Mrs Mackie claimed in giving evidence to the tribunal that two out of five statements she had received from members of staff who had been present in the canteen had indicated the applicant threatened Mr Wylie (in the IT3 she claimed one out of five). No written evidence of this or indeed anything else was produced at the tribunal hearing. Neither were any of these witnesses called to the hearing.

The respondents' witnesses Mrs Mackie and Mr Watson claimed that during the disciplinary interview the applicant had confessed to issuing a threat to Mr Wylie that he would stub out a cigarette in his ear. Indeed this was the single fact they relied on for the dismissal. No minutes were made of the meeting. The majority found neither Mrs Mackie (who changed her story to suit the questions she was asked by the tribunal) or Mr Watson to be credible witnesses and found the applicant's account of the events to be more credible.

The respondents' paper apart in the IT3 tried to paint a picture of a "Staff Drink" where nobody was "in a state of extreme inebriation". The applicant's version was that, with half the company drinking very little, the rest had enough to drink to be more than merry. In these circumstances the majority felt that it was not impossible that the incident was accidental. The respondents never gave this any thought as they had already decided that the applicant was guilty of a violent act.

Before any investigation had taken place Mrs Mackie had been told of the incident and the alleged past behaviour of the applicant. The Managing Director had told her the applicant was violent. "It was fairly evident it was Mr McGhee who was responsible", Mrs Mackie said."

 
4. Ms McCracken, appearing for the appellants, submitted that while generally the Tribunal had the important case of British Home Stores Ltd v Burchell [1978] IRLR 379 before them, the majority view had not directed itself properly to the test to be applied by that case, namely, whether the employer reasonably believed that a threat had been made but rather concentrated upon whether or not they were satisfied the threat had been carried out. Furthermore, she criticised the statement by the majority that they did not find the investigation satisfactory with particular reference to Mrs Mackie's letter. The decision of the majority, she submitted, appeared to be influenced by the fact that they were under the impression that the employer had decided the matter upon the basis that the applicant was guilty of a violent act.
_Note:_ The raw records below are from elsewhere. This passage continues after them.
lemma gauss_moment_even: "gauss_moment (2 * j) = fact (2 * j) / (2 ^ j * fact j)"
proof (induction j)
  case (Suc j)
  have e: "2 * Suc j = Suc (Suc (2 * j))"
    by simp
  have "gauss_moment (2 * Suc j) = (2 * real j + 1) * (fact (2 * j) / (2 ^ j * fact j))"
    unfolding e using Suc by simp
  also have "\<dots> = fact (2 * Suc j) / (2 ^ Suc j * fact (Suc j))"
  proof -
    have "fact (2 * Suc j) = (2 * real j + 2) * (2 * real j + 1) * fact (2 * j)"
      unfolding e fact_Suc by (simp add: algebra_simps)
    moreover have "fact (Suc j) = (real j + 1) * fact j"
      unfolding fact_Suc by simp
    moreover have "(0::real) < fact j" "(0::real) < 2 ^ j"
      by auto
    ultimately show ?thesis
      by (simp add: divide_simps)
  qed
  finally show ?case .
qed simp

lemma gauss_moment_odd: "odd k \<Longrightarrow> gauss_moment k = 0"
  by (induction k rule: gauss_moment.induct) simp_all

lemma integral_std_normal_power:
  "integral\<^sup>L std_normal_distribution (\<lambda>x. x ^ k) = gauss_moment k"
  by (cases "even k")
    (auto elim!: evenE simp: std_normal_distribution_even_moments gauss_moment_even
      gauss_moment_odd integral_std_normal_distribution_moment_odd)

lemma gauss_moment_nonneg: "0 \<le> gauss_moment k"
  by (induction k rule: gauss_moment.induct) simp_all

lemma gauss_moment_even_ge_1: "even k \<Longrightarrow> 1 \<le> gauss_moment k"
proof (induction k rule: gauss_moment.induct)
  case (3 k)
  then have "1 * 1 \<le> (real k + 1) * gauss_moment k"
    by (intro mult_mono) simp_all
  then show ?case by simp
qed simp_all

lemma gauss_moment_mult_le: "gauss_moment a * gauss_moment b \<le> gauss_moment (a + b)"
proof (induction a rule: gauss_moment.induct)
  case 2
  show ?case using gauss_moment_nonneg by simp
next
  case (3 k)
  have "(real k + 1) * (gauss_moment k * gauss_moment b)
      \<le> (real (k + b) + 1) * gauss_moment (k + b)"
    using 3 by (intro mult_mono) (simp_all add: gauss_moment_nonneg)
  then show ?case by (simp add: mult.assoc)
qed simp

lemma gauss_moment_variance_ge_1:
  assumes "0 < a"
  shows "1 \<le> gauss_moment (a + a) - (gauss_moment a)\<^sup>2"
proof (cases "even a")
  case False
  then show ?thesis
    by (simp add: gauss_moment_odd gauss_moment_even_ge_1)
next
  case True
  define k where "k = a - 2"
  have "a \<noteq> 1"
    using True by auto
  then have a: "a = Suc (Suc k)"
    using assms unfolding k_def by linarith
  then have "even k"
    using True by simp
  text \<open>With X = m(k) m(a): m(a)^2 = (k + 1) X while m(2a) \<ge> (k + a + 1) X, so the
    difference is at least a X \<ge> 1.\<close>
  define X where "X = gauss_moment k * gauss_moment a"
  have ma: "gauss_moment a = (real k + 1) * gauss_moment k"
    using a by simp
  have "a + a = Suc (Suc (k + a))"
    using a by simp
  then have maa: "gauss_moment (a + a) = (real (k + a) + 1) * gauss_moment (k + a)"
    by (simp only: gauss_moment.simps)
  have "1 * 1 \<le> X"
    unfolding X_def using True \<open>even k\<close>
    by (intro mult_mono gauss_moment_even_ge_1) (simp_all add: gauss_moment_nonneg)
  then have "1 * 1 \<le> real a * X"
    using assms by (intro mult_mono) simp_all
  moreover have "(gauss_moment a)\<^sup>2 = real k * X + X"
    unfolding X_def using ma by (simp add: power2_eq_square algebra_simps)
  moreover have "(real (k + a) + 1) * X \<le> gauss_moment (a + a)"
    unfolding maa X_def by (intro mult_left_mono gauss_moment_mult_le) simp
  moreover have "(real (k + a) + 1) * X = real k * X + real a * X + X"
    by (simp add: algebra_simps)
  ultimately show ?thesis
    by linarith
qed

abbreviation gaussian_vector :: "'i set \<Rightarrow> ('i \<Rightarrow> real) measure" where
  "gaussian_vector I \<equiv> PiM I (\<lambda>_. std_normal_distribution)"

lemma prob_space_gaussian_vector: "prob_space (gaussian_vector I)"
  by (intro prob_space_PiM prob_space_normal_density) simp

lemma product_sigma_finite_std_normal: "product_sigma_finite (\<lambda>_. std_normal_distribution)"
  by (simp add: product_sigma_finite_def prob_space_imp_sigma_finite prob_space_normal_density)

lemma
  assumes "finite I"
  shows integrable_gaussian_monomial:
      "integrable (gaussian_vector I) (\<lambda>x. \<Prod>k\<in>I. x k ^ a k)"
    and integral_gaussian_monomial:
      "integral\<^sup>L (gaussian_vector I) (\<lambda>x. \<Prod>k\<in>I. x k ^ a k) = (\<Prod>k\<in>I. gauss_moment (a k))"
proof -
  interpret product_sigma_finite "\<lambda>_. std_normal_distribution"
    by (rule product_sigma_finite_std_normal)
  show "integrable (gaussian_vector I) (\<lambda>x. \<Prod>k\<in>I. x k ^ a k)"
    using product_integrable_prod[OF assms, of "\<lambda>k y. y ^ a k"]
    by (simp add: integrable_std_normal_distribution_moment)
  show "integral\<^sup>L (gaussian_vector I) (\<lambda>x. \<Prod>k\<in>I. x k ^ a k) = (\<Prod>k\<in>I. gauss_moment (a k))"
    using product_integral_prod[OF assms, of "\<lambda>k y. y ^ a k"]
    by (simp add: integrable_std_normal_distribution_moment integral_std_normal_power)
qed

definition gauss_monomial_cov :: "'i set \<Rightarrow> ('i \<Rightarrow> nat) \<Rightarrow> ('i \<Rightarrow> nat) \<Rightarrow> real" where
  "gauss_monomial_cov I a b =
     (\<Prod>k\<in>I. gauss_moment (a k + b k)) - (\<Prod>k\<in>I. gauss_moment (a k)) * (\<Prod>k\<in>I. gauss_moment (b k))"

lemma gauss_monomial_cov_nonneg: "0 \<le> gauss_monomial_cov I a b"
proof -
  have "(\<Prod>k\<in>I. gauss_moment (a k)) * (\<Prod>k\<in>I. gauss_moment (b k))
      = (\<Prod>k\<in>I. gauss_moment (a k) * gauss_moment (b k))"
    by (simp add: prod.distrib)
  also have "\<dots> \<le> (\<Prod>k\<in>I. gauss_moment (a k + b k))"
    by (intro prod_mono) (simp add: gauss_moment_mult_le gauss_moment_nonneg)
  finally show ?thesis
    by (simp add: gauss_monomial_cov_def)
qed

lemma prod_diff_ge_1:
  fixes x y :: "'i \<Rightarrow> real"
  assumes "finite I" "k0 \<in> I"
    and "\<And>k. k \<in> I \<Longrightarrow> 0 \<le> y k \<and> y k \<le> x k" "\<And>k. k \<in> I \<Longrightarrow> 1 \<le> x k"
    and "1 \<le> x k0 - y k0"
  shows "1 \<le> prod x I - prod y I"
proof -
  define P where "P = prod x (I - {k0})"
  define Q where "Q = prod y (I - {k0})"
  have split: "prod x I = x k0 * P" "prod y I = y k0 * Q"
    unfolding P_def Q_def using assms(1,2) by (simp_all add: prod.remove)
  have "1 \<le> P" "0 \<le> Q" "Q \<le> P"
    unfolding P_def Q_def using assms(3,4) by (auto intro: prod_ge_1 prod_nonneg prod_mono)
  have "y k0 * Q \<le> y k0 * P"
    using \<open>Q \<le> P\<close> assms(2,3) by (intro mult_left_mono) auto
  moreover have "1 * 1 \<le> (x k0 - y k0) * P"
    using \<open>1 \<le> P\<close> assms(5) by (intro mult_mono) simp_all
  ultimately show ?thesis
    unfolding split by (simp add: algebra_simps)
qed

lemma gauss_monomial_cov_self_ge_1:
  assumes "finite I" "k0 \<in> I" "a k0 \<noteq> 0"
  shows "1 \<le> gauss_monomial_cov I a a"
proof -
  have "1 \<le> (\<Prod>k\<in>I. gauss_moment (a k + a k)) - (\<Prod>k\<in>I. (gauss_moment (a k))\<^sup>2)"
  proof (rule prod_diff_ge_1[OF assms(1,2)])
    fix k
    show "0 \<le> (gauss_moment (a k))\<^sup>2 \<and> (gauss_moment (a k))\<^sup>2 \<le> gauss_moment (a k + a k)"
      using gauss_moment_mult_le[of "a k" "a k"] by (simp add: power2_eq_square)
    show "1 \<le> gauss_moment (a k + a k)"
      by (simp add: gauss_moment_even_ge_1)
    show "1 \<le> gauss_moment (a k0 + a k0) - (gauss_moment (a k0))\<^sup>2"
      using assms(3) by (simp add: gauss_moment_variance_ge_1)
  qed
  then show ?thesis
    by (simp add: gauss_monomial_cov_def power2_eq_square prod.distrib)
qed

lemma variance_gaussian_polynomial:
  fixes c :: "'t \<Rightarrow> real" and e :: "'t \<Rightarrow> 'i \<Rightarrow> nat"
  assumes "finite I"
  shows "Var (gaussian_vector I) (\<lambda>x. \<Sum>t\<in>T. c t * (\<Prod>k\<in>I. x k ^ e t k))
       = (\<Sum>t\<in>T. \<Sum>s\<in>T. c t * c s * gauss_monomial_cov I (e t) (e s))"
proof -
  interpret prob_space "gaussian_vector I"
    by (rule prob_space_gaussian_vector)
  let ?m = "\<lambda>a. \<Prod>k\<in>I. gauss_moment (a k)"
  define X where "X x = (\<Sum>t\<in>T. c t * (\<Prod>k\<in>I. x k ^ e t k))" for x :: "'i \<Rightarrow> real"
  have X2: "(X x)\<^sup>2 = (\<Sum>t\<in>T. \<Sum>s\<in>T. c t * c s * (\<Prod>k\<in>I. x k ^ (e t k + e s k)))" for x
    unfolding X_def power2_eq_square sum_product
    by (intro sum.cong refl) (simp add: power_add prod.distrib mult_ac)
  have "integrable (gaussian_vector I) X"
    unfolding X_def using assms by (simp add: integrable_gaussian_monomial)
  moreover have "integrable (gaussian_vector I) (\<lambda>x. (X x)\<^sup>2)"
    unfolding X2 using assms by (simp add: integrable_gaussian_monomial)
  ultimately have "Var (gaussian_vector I) X = expectation (\<lambda>x. (X x)\<^sup>2) - (expectation X)\<^sup>2"
    by (simp add: Var_def variance_eq)
  moreover have "expectation (\<lambda>x. (X x)\<^sup>2) = (\<Sum>t\<in>T. \<Sum>s\<in>T. c t * c s * ?m (\<lambda>k. e t k + e s k))"
    unfolding X2 using assms by (simp add: integrable_gaussian_monomial integral_gaussian_monomial)
  moreover have "expectation X = (\<Sum>t\<in>T. c t * ?m (e t))"
    unfolding X_def using assms by (simp add: integrable_gaussian_monomial integral_gaussian_monomial)
  then have "(expectation X)\<^sup>2 = (\<Sum>t\<in>T. \<Sum>s\<in>T. c t * c s * (?m (e t) * ?m (e s)))"
    by (simp add: power2_eq_square sum_product mult_ac)
  moreover have "(\<Sum>t\<in>T. \<Sum>s\<in>T. c t * c s * gauss_monomial_cov I (e t) (e s))
      = (\<Sum>t\<in>T. \<Sum>s\<in>T. c t * c s * ?m (\<lambda>k. e t k + e s k))
        - (\<Sum>t\<in>T. \<Sum>s\<in>T. c t * c s * (?m (e t) * ?m (e s)))"
    by (simp add: gauss_monomial_cov_def right_diff_distrib sum_subtractf)
  ultimately have
    "Var (gaussian_vector I) X = (\<Sum>t\<in>T. \<Sum>s\<in>T. c t * c s * gauss_monomial_cov I (e t) (e s))"
    by simp
  then show ?thesis
    by (simp only: X_def[abs_def])
qed

lemma variance_gaussian_polynomial_ge:
  fixes c :: "'t \<Rightarrow> real" and e :: "'t \<Rightarrow> 'i \<Rightarrow> nat"
  assumes "finite I" "finite T"
    and "\<And>t. t \<in> T \<Longrightarrow> 0 \<le> c t" "\<And>t. t \<in> T \<Longrightarrow> \<exists>k\<in>I. e t k \<noteq> 0"
  shows "(\<Sum>t\<in>T. (c t)\<^sup>2) \<le> Var (gaussian_vector I) (\<lambda>x. \<Sum>t\<in>T. c t * (\<Prod>k\<in>I. x k ^ e t k))"
proof -
  have "(\<Sum>t\<in>T. (c t)\<^sup>2) \<le> (\<Sum>t\<in>T. c t * c t * gauss_monomial_cov I (e t) (e t))"
  proof (intro sum_mono)
    fix t assume "t \<in> T"
    then obtain k where "k \<in> I" "e t k \<noteq> 0"
      using assms(4) by blast
    then show "(c t)\<^sup>2 \<le> c t * c t * gauss_monomial_cov I (e t) (e t)"
      using gauss_monomial_cov_self_ge_1[OF assms(1)] mult_left_mono[of 1 _ "c t * c t"]
      by (simp add: power2_eq_square)
  qed
  also have "\<dots> \<le> (\<Sum>t\<in>T. \<Sum>s\<in>T. c t * c s * gauss_monomial_cov I (e t) (e s))"
    using assms(2,3)
    by (intro sum_mono member_le_sum) (simp_all add: gauss_monomial_cov_nonneg)
  finally show ?thesis
    using assms(1) by (simp add: variance_gaussian_polynomial)
qed

lemma prod_eq_prod_power_card_fiber:
  assumes "finite V" "finite I" "f ` V \<subseteq> I"
  shows "(\<Prod>v\<in>V. x (f v)) = (\<Prod>k\<in>I. x k ^ card {v\<in>V. f v = k})"
  using prod.group[OF assms, of "\<lambda>v. x (f v)"] by simp

lemma variance_gaussian_products_ge:
  fixes c :: "'t \<Rightarrow> real" and f :: "'t \<Rightarrow> 'v \<Rightarrow> 'i"
  assumes "finite I" "finite T" "finite V" "V \<noteq> {}"
    and "\<And>t v. t \<in> T \<Longrightarrow> v \<in> V \<Longrightarrow> f t v \<in> I" "\<And>t. t \<in> T \<Longrightarrow> 0 \<le> c t"
  shows "(\<Sum>t\<in>T. (c t)\<^sup>2) \<le> Var (gaussian_vector I) (\<lambda>x. \<Sum>t\<in>T. c t * (\<Prod>v\<in>V. x (f t v)))"
proof -
  define e where "e t k = card {v\<in>V. f t v = k}" for t k
  have "(\<lambda>x. \<Sum>t\<in>T. c t * (\<Prod>v\<in>V. x (f t v))) = (\<lambda>x. \<Sum>t\<in>T. c t * (\<Prod>k\<in>I. x k ^ e t k))"
    unfolding e_def using assms(1,3,5)
    by (intro ext sum.cong refl arg_cong[where f = "(*) _"] prod_eq_prod_power_card_fiber) auto
  moreover have "\<exists>k\<in>I. e t k \<noteq> 0" if "t \<in> T" for t
  proof -
    obtain v where "v \<in> V"
      using assms(4) by blast
    then have "e t (f t v) \<noteq> 0"
      unfolding e_def using assms(3) by (auto simp: card_eq_0_iff)
    then show ?thesis
      using assms(5)[OF that \<open>v \<in> V\<close>] by blast
  qed
  ultimately show ?thesis
    using assms(1,2,6) by (simp add: variance_gaussian_polynomial_ge)
qed

text \<open>A term of the expansion is an edge labelling i together with a permutation \<sigma> v of
  {..<p} at every vertex v; it picks the entry of G indexed by the sorted labels at v
  rearranged by \<sigma> v.\<close>

definition wig_terms ::
    "nat \<Rightarrow> nat \<Rightarrow> 'v set \<Rightarrow> 'e set \<Rightarrow> (('e \<Rightarrow> nat) \<times> ('v \<Rightarrow> nat \<Rightarrow> nat)) set" where
  "wig_terms n p V E = (E \<rightarrow>\<^sub>E {..<n}) \<times> (V \<rightarrow>\<^sub>E {\<pi>. \<pi> permutes {..<p}})"

fun wig_entry ::
    "nat \<Rightarrow> 'e set \<Rightarrow> ('e \<Rightarrow> 'v multiset) \<Rightarrow> ('e \<Rightarrow> nat) \<times> ('v \<Rightarrow> nat \<Rightarrow> nat) \<Rightarrow> 'v \<Rightarrow> nat list"
  where
  "wig_entry p E ends (i, \<sigma>) v = map (\<lambda>k. sorted_list_of_multiset (labels_at E ends i v) ! \<sigma> v k) [0..<p]"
5. Miss Fox, appearing for the appellant, simply submitted against the background of the Burchell test, that the Tribunal, in a majority, had applied its mind to the correct issue and had held itself not satisfied that the Burchell test had been passed. In addition she referred to Linfood Cash & Carry Ltd v Thomson [1989] IRLR 235, John Lewis plc v Coyne [2001] IRLR 139 and Piggott Brothers & Co Ltd v Jackson [1991] 309.

6. We have to say at once looking at the reasoning of the minority Chairman, that there is considerable force in the position he takes up and we can understand the reason for his dissent.

7. However, that is not the question for us. The question for us is simply whether or not the majority have been shown to fall into any error of law and we do not consider that can be stated. The issue is one of fact to be determined by them against the background of evidence before them and they have simply held themselves dissatisfied upon the evidence that they can hold that the employer reasonably believed the threat had been made. They are not impressed by the way the investigation was carried out and therefore decided the issue on the basis of credibility or the lack of it and therefore the lack of acceptable evidence.

8. This is an approach that we have to accept at this level being a matter of consideration of evidence. We do not therefore think this decision discloses in the majority decision any error of law nor is it perverse on the facts apparently before it, for it to hold, in fact the negative is established. The reference to the actual act having being committed does not seem to us to bear upon the matter.

9. In these circumstances this appeal must be refused.